W pracowni pojawiłam się w miarę szybko, zawiózł mnie kierowca Zayna. Podziękowałam mu i weszłam do budynku. W recepcji poinformowano mnie, że Donatella czeka na mnie w swoim gabinecie więc bezpośrednio się tam skierowałam. Jej biurko było zapełnione słodyczami, różnego rodzaju, od cukierków, przez batoniki czekoladowe i czekoladę, po lody i sorbety.
- Usiądź i zacznij opowiadać. - wskazała dłonią na fotel stojący przed biurkiem.
Opowiedziałam jej, ciągle upychając w usta słodycze. Nie płakałam. Nigdy tego nie robiłam. No dobra, parę razy mi się zdarzyło wybuchnąć płaczem przy Zaynie, no ale cóż... Taka właśnie byłam. Nikt nie miał na to wpływu. Nawet ja... Za to Don wylewała z siebie łzy, za nas dwie.

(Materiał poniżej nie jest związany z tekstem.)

text \<open>Integrating factor: \<open>exp (\<alpha> s) (e' s + \<alpha> e s)\<close> is the derivative of \<open>exp (\<alpha> s) e s\<close>,
  and for \<open>\<alpha> \<ge> 0\<close> the weight \<open>exp (\<alpha> t)\<close> of the endpoint dominates all others.\<close>

lemma damped_deviation_bound:
  fixes e :: "real \<Rightarrow> 'a::real_normed_vector"
  assumes "\<alpha> \<ge> 0" and "e a = 0" and "t \<in> {a..b}"
    and e': "\<And>s. s \<in> {a..b} \<Longrightarrow> (e has_vector_derivative e' s) (at s within {a..b})"
    and bound: "\<And>s. s \<in> {a..b} \<Longrightarrow> norm (e' s + \<alpha> *\<^sub>R e s) \<le> M"
  shows "norm (e t) \<le> M * (t - a)"
proof -
  define f where "f s = exp (\<alpha> * s) *\<^sub>R e s" for s
  have "norm (f t - f a) \<le> (exp (\<alpha> * t) * M) * (t - a)"
  proof (rule vector_differentiable_bound)
    fix s assume s: "s \<in> {a..t}"
    then have "s \<in> {a..b}" and "{a..t} \<subseteq> {a..b}" using \<open>t \<in> {a..b}\<close> by auto
    have "((\<lambda>s. exp (\<alpha> * s)) has_real_derivative exp (\<alpha> * s) * \<alpha>) (at s within {a..t})"
      by (auto intro!: derivative_eq_intros)
    moreover have "(e has_vector_derivative e' s) (at s within {a..t})"
      using e'[OF \<open>s \<in> {a..b}\<close>] \<open>{a..t} \<subseteq> {a..b}\<close> by (rule has_vector_derivative_within_subset)
    ultimately show "(f has_vector_derivative exp (\<alpha> * s) *\<^sub>R (e' s + \<alpha> *\<^sub>R e s)) (at s within {a..t})"
      unfolding f_def by (auto dest: has_vector_derivative_scaleR simp: algebra_simps)
    have "exp (\<alpha> * s) * norm (e' s + \<alpha> *\<^sub>R e s) \<le> exp (\<alpha> * t) * M"
      using bound[OF \<open>s \<in> {a..b}\<close>] s \<open>\<alpha> \<ge> 0\<close>
      by (intro mult_mono) (auto intro: mult_left_mono order_trans[OF norm_ge_zero])
    then show "norm (exp (\<alpha> * s) *\<^sub>R (e' s + \<alpha> *\<^sub>R e s)) \<le> exp (\<alpha> * t) * M" by simp
  qed (use \<open>t \<in> {a..b}\<close> in simp)
  then show ?thesis
    using \<open>e a = 0\<close> unfolding f_def by (simp add: mult.assoc)
qed

lemma ideal_cohesive_explicit:
  fixes K :: "real ^ 'n ^ 'n"
  assumes "K *v 1 = B" and "\<And>v. K *v v = 0 \<Longrightarrow> v = 0" and "\<beta> \<noteq> 0"
    and ode: "x' = - (\<alpha> * \<beta>) *\<^sub>R (K *v x) + (mat 1 - \<beta> *\<^sub>R K) *v x' + (\<beta> * (\<alpha> * u + u')) *\<^sub>R B"
  shows "x' = - \<alpha> *\<^sub>R x + (\<alpha> * u + u') *\<^sub>R 1"
proof -
  have "(mat 1 - \<beta> *\<^sub>R K) *v x' = x' - \<beta> *\<^sub>R (K *v x')"
    by (simp add: matrix_vector_mult_diff_rdistrib scaleR_matrix_vector_assoc)
  then have "\<beta> *\<^sub>R (K *v (x' + \<alpha> *\<^sub>R x - (\<alpha> * u + u') *\<^sub>R 1)) = 0"
    using ode \<open>K *v 1 = B\<close> by (simp add: algebra_simps)
  with \<open>\<beta> \<noteq> 0\<close> have "K *v (x' + \<alpha> *\<^sub>R x - (\<alpha> * u + u') *\<^sub>R 1) = 0" by simp
  then have "x' + \<alpha> *\<^sub>R x - (\<alpha> * u + u') *\<^sub>R 1 = 0" by (rule assms(2))
  then show ?thesis by (simp add: algebra_simps)
qed

lemma dsr_deviation_rate_bound:
  fixes K :: "real ^ 'n ^ 'n"
  assumes "K *v 1 = B" and "c > 0" and K_below: "\<And>x. c * norm x \<le> norm (K *v x)" and "\<beta> > 0"
    and dsr: "x' = - (\<alpha> * \<beta>) *\<^sub>R (K *v x) + (1 / \<tau>) *\<^sub>R (x - y) - (\<beta> / \<tau>) *\<^sub>R (K *v (x - y))
                 + (\<alpha> * \<beta> * u) *\<^sub>R B + (\<beta> * u') *\<^sub>R B"
    and ideal: "xs' = - \<alpha> *\<^sub>R xs + (\<alpha> * u + u') *\<^sub>R 1"
  shows "norm ((x' - xs') + \<alpha> *\<^sub>R (x - xs)) \<le> (1 + 1 / (c * \<beta>)) * norm (x' - (1 / \<tau>) *\<^sub>R (x - y))"
proof -
  define r where "r = x' - (1 / \<tau>) *\<^sub>R (x - y)"
  define g where "g = (1 / \<tau>) *\<^sub>R (x - y) + \<alpha> *\<^sub>R x - (\<alpha> * u + u') *\<^sub>R 1"
  have "\<beta> *\<^sub>R (K *v g) = - r"
    using dsr \<open>K *v 1 = B\<close> unfolding g_def r_def by (simp add: algebra_simps)
  then have "\<beta> * norm (K *v g) = norm r" using \<open>\<beta> > 0\<close> by (metis norm_minus_cancel norm_scaleR abs_of_pos)
  with K_below[of g] have "norm g \<le> norm r / (c * \<beta>)"
    using \<open>c > 0\<close> \<open>\<beta> > 0\<close> by (simp add: field_simps) (metis mult.commute mult_left_mono less_le)
  moreover have "(x' - xs') + \<alpha> *\<^sub>R (x - xs) = g + r"
    unfolding g_def r_def ideal by (simp add: algebra_simps)
  ultimately have "norm ((x' - xs') + \<alpha> *\<^sub>R (x - xs)) \<le> norm r / (c * \<beta>) + norm r"
    using norm_triangle_ineq[of g r] by simp
  then show ?thesis unfolding r_def by (simp add: field_simps)
qed

lemma dsr_deviation_bound:
  fixes K :: "real ^ 'n ^ 'n" and Z Z' Z'' Zs Zs' :: "real \<Rightarrow> real ^ 'n"
  assumes K_one: "K *v 1 = B" and "c > 0" and K_below: "\<And>x. c * norm x \<le> norm (K *v x)"
    and "\<alpha> \<ge> 0" and "\<beta> > 0" and "\<tau> > 0"
    and Zs_deriv: "\<And>t. t \<in> {t1..t2} \<Longrightarrow> (Zs has_vector_derivative Zs' t) (at t within {t1..t2})"
    and ideal: "\<And>t. t \<in> {t1..t2} \<Longrightarrow> Zs' t = - \<alpha> *\<^sub>R Zs t + (\<alpha> * zs t + zs' t) *\<^sub>R 1"
    and Z_deriv: "\<And>t. t \<in> {t1-\<tau>..t2} \<Longrightarrow> (Z has_vector_derivative Z' t) (at t within {t1-\<tau>..t2})"
    and Z'_deriv: "\<And>t. t \<in> {t1-\<tau>..t2} \<Longrightarrow> (Z' has_vector_derivative Z'' t) (at t within {t1-\<tau>..t2})"
    and dsr: "\<And>t. t \<in> {t1..t2} \<Longrightarrow> Z' t = - (\<alpha> * \<beta>) *\<^sub>R (K *v Z t) + (1 / \<tau>) *\<^sub>R (Z t - Z (t - \<tau>))
              - (\<beta> / \<tau>) *\<^sub>R (K *v (Z t - Z (t - \<tau>))) + (\<alpha> * \<beta> * zs t) *\<^sub>R B + (\<beta> * zs' t) *\<^sub>R B"
    and "Z t1 = Zs t1"
    and Z''_bound: "\<And>t. t \<in> {t1-\<tau>..t2} \<Longrightarrow> vinf (\<tau> *\<^sub>R Z'' t) \<le> \<delta>"
    and "t \<in> {t1..t2}"
  shows "vinf (Z t - Zs t) \<le> (1 + 1 / (c * \<beta>)) * CARD('n) * (t2 - t1) * \<delta>"
proof -
  let ?N = "real CARD('n)" and ?L = "1 + 1 / (c * \<beta>)"
  have "\<delta> \<ge> 0"
    using Z''_bound[of t2] vinf_nonneg[of "\<tau> *\<^sub>R Z'' t2"] \<open>t \<in> {t1..t2}\<close> \<open>\<tau> > 0\<close> by auto
  have residual: "norm (Z' s - (1 / \<tau>) *\<^sub>R (Z s - Z (s - \<tau>))) \<le> ?N * \<delta>" if "s \<in> {t1..t2}" for s
  proof -
    have "norm (Z' s - (1 / \<tau>) *\<^sub>R (Z s - Z (s - \<tau>))) \<le> (?N * \<delta> / \<tau>) * \<tau>"
    proof (rule backward_difference_quotient_error[OF \<open>\<tau> > 0\<close>])
      fix u assume "u \<in> {s-\<tau>..s}"
      then have u: "u \<in> {t1-\<tau>..t2}" and sub: "{s-\<tau>..s} \<subseteq> {t1-\<tau>..t2}" using that by auto
      show "(Z has_vector_derivative Z' u) (at u within {s-\<tau>..s})"
        using Z_deriv[OF u] sub by (rule has_vector_derivative_within_subset)
      show "(Z' has_vector_derivative Z'' u) (at u within {s-\<tau>..s})"
        using Z'_deriv[OF u] sub by (rule has_vector_derivative_within_subset)
      have "\<tau> * norm (Z'' u) \<le> ?N * vinf (\<tau> *\<^sub>R Z'' u)"
        using norm_le_card_vinf[of "\<tau> *\<^sub>R Z'' u"] \<open>\<tau> > 0\<close> by simp
      also have "\<dots> \<le> ?N * \<delta>" using Z''_bound[OF u] by (simp add: mult_left_mono)
      finally show "norm (Z'' u) \<le> ?N * \<delta> / \<tau>" using \<open>\<tau> > 0\<close> by (simp add: field_simps)
    qed
    then show ?thesis using \<open>\<tau> > 0\<close> by simp
  qed
  have "norm (Z t - Zs t) \<le> (?L * (?N * \<delta>)) * (t - t1)"
  proof (rule damped_deviation_bound[where e' = "\<lambda>s. Z' s - Zs' s"])
    fix s assume s: "s \<in> {t1..t2}"
    have "{t1..t2} \<subseteq> {t1-\<tau>..t2}" using \<open>\<tau> > 0\<close> by auto
    with s have "(Z has_vector_derivative Z' s) (at s within {t1..t2})"
      by (auto intro: has_vector_derivative_within_subset[OF Z_deriv])
    then show "((\<lambda>s. Z s - Zs s) has_vector_derivative Z' s - Zs' s) (at s within {t1..t2})"
      using Zs_deriv[OF s] by (rule has_vector_derivative_diff)
    have "norm ((Z' s - Zs' s) + \<alpha> *\<^sub>R (Z s - Zs s)) \<le> ?L * norm (Z' s - (1 / \<tau>) *\<^sub>R (Z s - Z (s - \<tau>)))"
      by (rule dsr_deviation_rate_bound[OF K_one \<open>c > 0\<close> K_below \<open>\<beta> > 0\<close> dsr[OF s] ideal[OF s]])
    also have "\<dots> \<le> ?L * (?N * \<delta>)"
      using residual[OF s] \<open>c > 0\<close> \<open>\<beta> > 0\<close> by (intro mult_left_mono) auto
    finally show "norm ((Z' s - Zs' s) + \<alpha> *\<^sub>R (Z s - Zs s)) \<le> ?L * (?N * \<delta>)" .
  qed (use \<open>\<alpha> \<ge> 0\<close> \<open>Z t1 = Zs t1\<close> \<open>t \<in> {t1..t2}\<close> in auto)
  also have "\<dots> \<le> (?L * (?N * \<delta>)) * (t2 - t1)"
    using \<open>t \<in> {t1..t2}\<close> \<open>\<delta> \<ge> 0\<close> \<open>c > 0\<close> \<open>\<beta> > 0\<close> by (intro mult_left_mono) auto
  finally show ?thesis
    using vinf_le_norm[of "Z t - Zs t"] by (simp add: mult_ac)
qed

theorem lemma1:
  fixes w :: "'n::finite \<Rightarrow> 'n \<Rightarrow> real" and ws :: "'n \<Rightarrow> real"
    and \<alpha> \<beta> t1 t2 :: real
    and zs zs' :: "real \<Rightarrow> real"
    and Zs Zs' :: "real \<Rightarrow> real ^ 'n"
  defines "K \<equiv> pinned_laplacian w ws" and "B \<equiv> source_vec ws"
  assumes n_gt_1: "CARD('n) \<ge> 2"
    and w_nonneg: "\<And>i k. w i k \<ge> 0" and w_irrefl: "\<And>i. w i i = 0"
    and ws_nonneg: "\<And>i. ws i \<ge> 0"
    and paths: "\<And>i. reach_from_source w ws i"
    and \<alpha>_pos: "\<alpha> > 0" and \<beta>_pos: "\<beta> > 0"
    and t12: "t1 < t2"
    and zs_deriv: "\<And>t. t \<in> {t1..t2} \<Longrightarrow> (zs has_real_derivative zs' t) (at t within {t1..t2})"
    and zs'_cont: "continuous_on {t1..t2} zs'"
    and Zs_deriv: "\<And>t. t \<in> {t1..t2} \<Longrightarrow> (Zs has_vector_derivative Zs' t) (at t within {t1..t2})"
    and Zs_ode: "\<And>t. t \<in> {t1..t2} \<Longrightarrow>
        Zs' t = - (\<alpha> * \<beta>) *\<^sub>R (K *v Zs t) + (mat 1 - \<beta> *\<^sub>R K) *v Zs' t
                + (\<beta> * (\<alpha> * zs t + zs' t)) *\<^sub>R B"
  shows "\<forall>\<epsilon>>0. \<exists>\<delta>>0. \<forall>\<tau>>0. \<forall>Z Z' Z'' :: real \<Rightarrow> real ^ 'n.
     (\<forall>t\<in>{t1-\<tau>..t2}. (Z has_vector_derivative Z' t) (at t within {t1-\<tau>..t2})
                      \<and> (Z' has_vector_derivative Z'' t) (at t within {t1-\<tau>..t2}))
     \<and> (\<forall>t\<in>{t1..t2}. Z' t = - (\<alpha> * \<beta>) *\<^sub>R (K *v Z t) + (1 / \<tau>) *\<^sub>R (Z t - Z (t - \<tau>))
              - (\<beta> / \<tau>) *\<^sub>R (K *v (Z t - Z (t - \<tau>)))
              + (\<alpha> * \<beta> * zs t) *\<^sub>R B + (\<beta> * zs' t) *\<^sub>R B)
     \<and> Z t1 = Zs t1
     \<and> (\<forall>t\<in>{t1-\<tau>..t2}. vinf (\<tau> *\<^sub>R Z'' t) \<le> \<delta>)
     \<longrightarrow> (\<forall>t\<in>{t1..t2}. vinf (Z t - Zs t) \<le> \<epsilon>)"
proof -
  have K_one: "K *v 1 = B"
    unfolding K_def B_def by (rule pinned_laplacian_mult_one)
  have K_kernel: "K *v v = 0 \<Longrightarrow> v = 0" for v
    unfolding K_def by (rule pinned_laplacian_kernel_trivial[OF w_nonneg ws_nonneg paths])
  obtain c where "c > 0" and K_below: "\<And>x. c * norm x \<le> norm (K *v x)"
    using pinned_laplacian_bounded_below[OF w_nonneg ws_nonneg paths] unfolding K_def by blast
  have ideal: "Zs' t = - \<alpha> *\<^sub>R Zs t + (\<alpha> * zs t + zs' t) *\<^sub>R 1" if "t \<in> {t1..t2}" for t
    using K_one K_kernel \<beta>_pos Zs_ode[OF that] by (intro ideal_cohesive_explicit) auto
  define A where "A = (1 + 1 / (c * \<beta>)) * CARD('n) * (t2 - t1)"
  have "A > 0" unfolding A_def using \<open>c > 0\<close> \<beta>_pos t12 by (simp add: add_pos_pos)
  note deviation = dsr_deviation_bound[OF K_one \<open>c > 0\<close> K_below less_imp_le[OF \<alpha>_pos] \<beta>_pos _ Zs_deriv ideal,
      folded A_def]
  show ?thesis (is "\<forall>\<epsilon>>0. \<exists>\<delta>>0. ?P \<epsilon> \<delta>")
  proof (intro allI impI)
    fix \<epsilon> :: real assume "\<epsilon> > 0"
    with \<open>A > 0\<close> have "\<epsilon> / A > 0" and "A * (\<epsilon> / A) = \<epsilon>" by auto
    have "?P \<epsilon> (\<epsilon> / A)"
      using deviation[where \<delta> = "\<epsilon> / A", unfolded \<open>A * (\<epsilon> / A) = \<epsilon>\<close>] by blast
    with \<open>\<epsilon> / A > 0\<close> show "\<exists>\<delta>>0. ?P \<epsilon> \<delta>" by blast
  qed
qed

- Co mogę więcej powiedzieć... Nie wyszło i tyle. - wzruszyłam ramionami, kończąc 3 pudełko lodów Ben&Jerry's. - Jak nie on to będzie kolejny.
- Nie mów tak. - mruknęła. - Zayn to twoja wielka miłość. Sama mówiłaś, że kochacie się od dziecka. Nie możesz tego ot tak przekreślić, Aurelle.
- Ja tego nie zrobiłam, tylko on. Szuka dziury w całym. Po co czepia się Trevora? Bo to mój były? Brakuje mu adrenaliny w życiu? Rzygam już tymi wszystkimi problemami. Najpierw Gigi, później niekończąca się sprawa mojego brata, a teraz Zayn i jego problemy co do Trevora. Nawet jeśli zapytała bym się Trevora o to wszystko, to by zaprzeczył. Błędne koło, niepotrzebny stres. Na co mi to? - powiedziałam.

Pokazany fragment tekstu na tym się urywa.